=== Your goal ===
Take the listing below and print exactly the lines starting at the line containing "k \<in> borel_measurable" and ending at the line containing "t\<bar> powr enn2real p) \<partial>lebesgue_on", both ends included, and no others.
[Records for the task — start]
(* Let $\beta\in(1,2]$ and let $\mu$ be a real-valued function in $C^\infty(\mathbb{R}^n\setminus\{0\})$, homogeneous of degree $\beta$ (i.e. $\mu(\lambda\xi)=\lambda^\beta\mu(\xi)$ for $\lambda>0$, $\xi\ne0$), with $\mu(\xi)\neq0$ for all $\xi\ne0$. Then: (i) for all $0<p,q\le\infty$ there is $\epsilon>0$ such that $(1-\rho_0)\partial^\gamma\mu\in W^{\infty,\infty}_{n/(\dot p\wedge\dot q)+\epsilon}$ for all $|\gamma|=2$, where $\rho_0\in C_c^\infty$ is supported in $B(0,1/2)$ and equals $1$ on $B(0,1/4)$; and (ii) there exists $\kappa_0\in\mathbb S^{n-1}$ at which the Hessian matrix of $\mu$ is nondegenerate (in fact definite). Consequently $\mu$ satisfies all hypotheses of Theorem 1.5 (the necessity result stated there).
   Context: For a fixed nonzero Schwartz window $\phi$, $V_\phi f(x,\xi)=\int f(y)\overline{\phi(y-x)}e^{-2\pi i y\cdot\xi}dy$; $\langle x\rangle=(1+|x|^2)^{1/2}$. The Wiener amalgam space $W^{p,q}_s$ consists of $f\in\mathcal S'$ with $\|f\|_{W^{p,q}_s}=\big\|\,\|V_\phi f(x,\xi)\langle\xi\rangle^s\|_{L^q_\xi}\big\|_{L^p_x}<\infty$. $\dot p=\min\{1,p\}$, $\dot q=\min\{1,q\}$, $\dot p\wedge\dot q=\min\{\dot p,\dot q\}$. The hypotheses of Theorem 1.5 are: $\mu$ real-valued $C^2(\mathbb{R}^n\setminus\{0\})$, $(1-\rho_0)\partial^\gamma\mu\in W^{\infty,\infty}_{n/(\dot p\wedge\dot q)+\epsilon}$ ($|\gamma|=2$), nonzero Hessian determinant at some $\kappa_0\in\mathbb S^{n-1}$, and $\mu(\lambda\xi)=\lambda^\beta\mu(\xi)$ for $\lambda\ge1$, $\xi\in B(\kappa_0,r_0)\cap\mathbb S^{n-1}$. *)

theory Defs
  imports "HOL-Analysis.Analysis"
begin
lemma uinterior_mono: "A \<subseteq> B \<Longrightarrow> uinterior X Psi A \<subseteq> uinterior X Psi B"
  unfolding uinterior_def by auto

lemma uopen_uinterior: "uopen X Psi (uinterior X Psi A)"
  unfolding uopen_def
proof (intro conjI ballI)
  show "uinterior X Psi A \<subseteq> X"
    unfolding uinterior_def uopen_def by blast
  fix x assume "x \<in> uinterior X Psi A"
  then obtain G where G: "uopen X Psi G" "G \<subseteq> A" "x \<in> G"
    unfolding uinterior_def by blast
  then obtain U where "U \<in> Psi" "U `` {x} \<subseteq> G"
    unfolding uopen_def by blast
  moreover have "G \<subseteq> uinterior X Psi A"
    using G unfolding uinterior_def by blast
  ultimately show "\<exists>U\<in>Psi. U `` {x} \<subseteq> uinterior X Psi A" by blast
qed

lemma uopen_OcovN: "G \<in> OcovN X Psi N \<Longrightarrow> uopen X Psi G"
  by (auto simp: OcovN_def uopen_uinterior)

lemma OcovN_in_O_Psi: "N \<in> Psi \<Longrightarrow> OcovN X Psi N \<in> O_Psi X Psi"
  unfolding O_Psi_def by blast

lemma S1_O_Psi_nonempty:
  assumes u: "uniformity X Psi" and S: "S1 (O_Psi X Psi) B"
  shows "X \<noteq> {}"
proof -
  have "Psi \<noteq> {}"
    using u unfolding uniformity_def by meson
  then obtain N where "N \<in> Psi" by blast
  then obtain T where "\<forall>n::nat. T n \<in> OcovN X Psi N"
    using S[unfolded S1_def, rule_format, of "\<lambda>_. OcovN X Psi N"] OcovN_in_O_Psi by blast
  then show ?thesis unfolding OcovN_def by blast
qed
lemma Lp_conv_AE_zero_limit:
  assumes f: "f \<in> borel_measurable (lebesgue_on S)"
    and zero: "\<And>k. AE s in lebesgue_on S. F k s = 0" and conv: "Lp_conv p S F f"
  shows "AE s in lebesgue_on S. f s = 0"
proof (cases "p = \<infinity>")
  case True
  have "AE s in lebesgue_on S. \<bar>f s\<bar> \<le> 1 / Suc m" for m
  proof -
    have "\<forall>\<^sub>F k in sequentially. AE s in lebesgue_on S. \<bar>F k s - f s\<bar> \<le> 1 / Suc m"
      using conv True by (simp add: Lp_conv_def)
    then obtain k where "AE s in lebesgue_on S. \<bar>F k s - f s\<bar> \<le> 1 / Suc m"
      by (auto simp: eventually_sequentially)
    with zero[of k] show ?thesis
      by eventually_elim simp
  qed
  then have "AE s in lebesgue_on S. \<forall>m. \<bar>f s\<bar> \<le> 1 / Suc m"
    by (simp add: AE_all_countable)
  then show ?thesis
  proof eventually_elim
    case (elim s)
    show ?case
    proof (rule ccontr)
      assume "f s \<noteq> 0"
      then have "0 < \<bar>f s\<bar>"
        by simp
      then obtain m where "inverse (real (Suc m)) < \<bar>f s\<bar>"
        using reals_Archimedean by blast
      moreover have "\<bar>f s\<bar> \<le> inverse (real (Suc m))"
        using elim by (simp add: divide_inverse)
      ultimately show False
        by linarith
    qed
  qed
next
  case False
  define q where "q = enn2real p"
  have "(\<integral>\<^sup>+ s. ennreal (\<bar>F k s - f s\<bar> powr q) \<partial>lebesgue_on S) = (\<integral>\<^sup>+ s. ennreal (\<bar>f s\<bar> powr q) \<partial>lebesgue_on S)" for k
    using zero[of k] by (intro nn_integral_cong_AE) (auto elim: eventually_mono)
  then have "(\<lambda>_. \<integral>\<^sup>+ s. ennreal (\<bar>f s\<bar> powr q) \<partial>lebesgue_on S) \<longlonglongrightarrow> 0"
    using conv False by (simp add: Lp_conv_def q_def)
  then have "(\<integral>\<^sup>+ s. ennreal (\<bar>f s\<bar> powr q) \<partial>lebesgue_on S) = 0"
    by (simp add: LIMSEQ_const_iff)
  then have "AE s in lebesgue_on S. ennreal (\<bar>f s\<bar> powr q) = 0"
    using f by (subst (asm) nn_integral_0_iff_AE) auto
  then show ?thesis
    by eventually_elim simp
qed

lemma Lp_space_affine_compose:
  fixes c d :: real
  assumes c: "c \<noteq> 0" and S: "S \<in> sets lebesgue" and maps: "(\<lambda>s. d + c * s) ` S \<subseteq> S"
    and f: "f \<in> Lp_space p S"
  shows "(\<lambda>s. f (d + c * s)) \<in> Lp_space p S"
proof -
  have meas: "(\<lambda>s. f (d + c * s)) \<in> borel_measurable (lebesgue_on S)"
    using measurable_lebesgue_on_affine_compose[OF c maps Lp_space_measurable[OF f]] .
  show ?thesis
  proof (cases "p = \<infinity>")
    case True
    then obtain A where "AE t in lebesgue_on S. \<bar>f t\<bar> \<le> A"
      using f by (auto simp: Lp_space_def)
    from AE_lebesgue_on_affine_compose[OF c S maps this] show ?thesis
      using True meas by (auto simp: Lp_space_def)
  next
    case False
    let ?g = "\<lambda>t. ennreal (\<bar>f t\<bar> powr enn2real p)"
    have "?g \<in> borel_measurable (lebesgue_on S)"
      using Lp_space_measurable[OF f] by measurable
    then have "(\<integral>\<^sup>+ s. ?g (d + c * s) \<partial>lebesgue_on S) \<le> ennreal (1 / \<bar>c\<bar>) * (\<integral>\<^sup>+ t. ?g t \<partial>lebesgue_on S)"
      by (rule nn_integral_lebesgue_on_affine_compose_le[OF c S maps])
    also have "\<dots> < \<infinity>"
      using f False by (simp add: Lp_space_def ennreal_mult_less_top)
    finally show ?thesis
      using False meas by (simp add: Lp_space_def)
  qed
qed

lemma Lp_conv_affine_compose:
  fixes c d :: real
  assumes c: "c \<noteq> 0" and S: "S \<in> sets lebesgue" and maps: "(\<lambda>s. d + c * s) ` S \<subseteq> S"
    and F: "\<And>k. F k \<in> borel_measurable (lebesgue_on S)" and f: "f \<in> borel_measurable (lebesgue_on S)"
    and conv: "Lp_conv p S F f"
  shows "Lp_conv p S (\<lambda>k s. F k (d + c * s)) (\<lambda>s. f (d + c * s))"
proof (cases "p = \<infinity>")
  case True
  have "\<forall>\<^sub>F k in sequentially. AE s in lebesgue_on S. \<bar>F k (d + c * s) - f (d + c * s)\<bar> \<le> e"
    if "e > 0" for e
  proof -
    have "\<forall>\<^sub>F k in sequentially. AE t in lebesgue_on S. \<bar>F k t - f t\<bar> \<le> e"
      using conv True that by (simp add: Lp_conv_def)
    then show ?thesis
      by (rule eventually_mono) (rule AE_lebesgue_on_affine_compose[OF c S maps])
  qed
  then show ?thesis
    using True by (simp add: Lp_conv_def)
next
  case False
  let ?I = "\<lambda>k. \<integral>\<^sup>+ t. ennreal (\<bar>F k t - f t\<bar> powr enn2real p) \<partial>lebesgue_on S"
  have "(\<lambda>k. ennreal (1 / \<bar>c\<bar>) * ?I k) \<longlonglongrightarrow> ennreal (1 / \<bar>c\<bar>) * 0"
    using conv False by (intro ennreal_tendsto_cmult) (simp_all add: Lp_conv_def)
  then have upper: "(\<lambda>k. ennreal (1 / \<bar>c\<bar>) * ?I k) \<longlonglongrightarrow> 0"
    by simp
  have bound: "(\<integral>\<^sup>+ s. ennreal (\<bar>F k (d + c * s) - f (d + c * s)\<bar> powr enn2real p) \<partial>lebesgue_on S)
      \<le> ennreal (1 / \<bar>c\<bar>) * ?I k" for k
  proof -
    have "(\<lambda>t. ennreal (\<bar>F k t - f t\<bar> powr enn2real p)) \<in> borel_measurable (lebesgue_on S)"
      using F[of k] f by measurable
    then show ?thesis
      by (rule nn_integral_lebesgue_on_affine_compose_le[OF c S maps])
  qed
  have "(\<lambda>k. \<integral>\<^sup>+ s. ennreal (\<bar>F k (d + c * s) - f (d + c * s)\<bar> powr enn2real p) \<partial>lebesgue_on S)
      \<longlonglongrightarrow> 0"
    by (rule tendsto_sandwich[OF _ _ tendsto_const upper]) (simp_all add: bound)
  then show ?thesis
    using False by (simp add: Lp_conv_def)
qed

locale increasing_partition =
  fixes x :: "nat \<Rightarrow> real" and N :: nat
  assumes increasing: "\<And>i. i < N \<Longrightarrow> x i < x (Suc i)"
begin

lemma x_less: "i < j \<Longrightarrow> j \<le> N \<Longrightarrow> x i < x j"
proof (induction j)
  case (Suc j)
  then show ?case
    using increasing[of j] by (cases "i = j") auto
qed simp

lemma x_le: "i \<le> j \<Longrightarrow> j \<le> N \<Longrightarrow> x i \<le> x j"
  using x_less[of i j] by (cases "i = j") auto

lemma La_pos: "n \<in> {1..N} \<Longrightarrow> 0 < La x N n"
  using x_less[of "n - 1" n] x_less[of 0 N] by (simp add: La_def)

lemma Lmap_affine: "Lmap x N n = (\<lambda>s. Lb x N n + La x N n * s)"
  by (auto simp: Lmap_def)

lemma Linv_affine: "Linv x N n = (\<lambda>t. - Lb x N n / La x N n + 1 / La x N n * t)"
  by (auto simp: Linv_def diff_divide_distrib)

lemma Linv_Lmap: "n \<in> {1..N} \<Longrightarrow> Linv x N n (Lmap x N n s) = s"
  using La_pos[of n] by (simp add: Linv_def Lmap_def)

lemma Lmap_Linv: "n \<in> {1..N} \<Longrightarrow> Lmap x N n (Linv x N n t) = t"
  using La_pos[of n] by (simp add: Linv_def Lmap_def)

lemma Lmap_from_x0: "Lmap x N n s = x (n - 1) + La x N n * (s - x 0)"
  by (simp add: Lmap_def Lb_def algebra_simps)

lemma La_length: "n \<in> {1..N} \<Longrightarrow> La x N n * (x N - x 0) = x n - x (n - 1)"
  using x_less[of 0 N] by (simp add: La_def)

lemma Lmap_bounds:
  assumes n: "n \<in> {1..N}" and s: "s \<in> Ival x N"
  shows "x (n - 1) \<le> Lmap x N n s" "Lmap x N n s \<le> x n"
proof -
  have "0 \<le> La x N n * (s - x 0)"
    using s La_pos[OF n] by (simp add: Ival_def)
  moreover have "La x N n * (s - x 0) \<le> La x N n * (x N - x 0)"
    using s La_pos[OF n] by (intro mult_left_mono) (auto simp: Ival_def)
  ultimately show "x (n - 1) \<le> Lmap x N n s" "Lmap x N n s \<le> x n"
    using La_length[OF n] by (simp_all add: Lmap_from_x0)
qed

lemma Lmap_in_Ival:
  assumes n: "n \<in> {1..N}" and s: "s \<in> Ival x N"
  shows "Lmap x N n s \<in> Ival x N"
proof -
  have "x 0 \<le> x (n - 1)" "x n \<le> x N"
    using n x_le[of 0 "n - 1"] x_le[of n N] by auto
  then show ?thesis
    using Lmap_bounds[OF n s] by (simp add: Ival_def)
qed

lemma Lmap_in_Isub:
  assumes n: "n \<in> {1..N}" and s: "s \<in> Ival x N" "s \<noteq> x 0"
  shows "Lmap x N n s \<in> Isub x n"
proof -
  have "x (n - 1) < Lmap x N n s"
    using s La_pos[OF n] by (simp add: Ival_def Lmap_from_x0)
  then show ?thesis
    using Lmap_bounds[OF n s(1)] by (auto simp: Isub_def)
qed

lemma Linv_in_Ival:
  assumes n: "n \<in> {1..N}" and t: "t \<in> Isub x n"
  shows "Linv x N n t \<in> Ival x N"
proof -
  have t_bounds: "x (n - 1) \<le> t" "t \<le> x n"
    using t by (auto simp: Isub_def split: if_splits)
  have Linv_eq: "Linv x N n t = x 0 + (t - x (n - 1)) / La x N n"
    using Lmap_Linv[OF n, of t] La_pos[OF n] by (simp add: Lmap_from_x0 field_simps)
  have "(t - x (n - 1)) / La x N n \<le> (x n - x (n - 1)) / La x N n"
    using t_bounds La_pos[OF n] by (intro divide_right_mono) auto
  also have "\<dots> = x N - x 0"
    using La_length[OF n] La_pos[OF n] by (simp add: field_simps)
  finally show ?thesis
    using Linv_eq t_bounds La_pos[OF n] by (simp add: Ival_def)
qed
[Records for the task — finish]
=== Task answer ===
    and F: "\<And>k. F k \<in> borel_measurable (lebesgue_on S)" and f: "f \<in> borel_measurable (lebesgue_on S)"
    and conv: "Lp_conv p S F f"
  shows "Lp_conv p S (\<lambda>k s. F k (d + c * s)) (\<lambda>s. f (d + c * s))"
proof (cases "p = \<infinity>")
  case True
  have "\<forall>\<^sub>F k in sequentially. AE s in lebesgue_on S. \<bar>F k (d + c * s) - f (d + c * s)\<bar> \<le> e"
    if "e > 0" for e
  proof -
    have "\<forall>\<^sub>F k in sequentially. AE t in lebesgue_on S. \<bar>F k t - f t\<bar> \<le> e"
      using conv True that by (simp add: Lp_conv_def)
    then show ?thesis
      by (rule eventually_mono) (rule AE_lebesgue_on_affine_compose[OF c S maps])
  qed
  then show ?thesis
    using True by (simp add: Lp_conv_def)
next
  case False
  let ?I = "\<lambda>k. \<integral>\<^sup>+ t. ennreal (\<bar>F k t - f t\<bar> powr enn2real p) \<partial>lebesgue_on S"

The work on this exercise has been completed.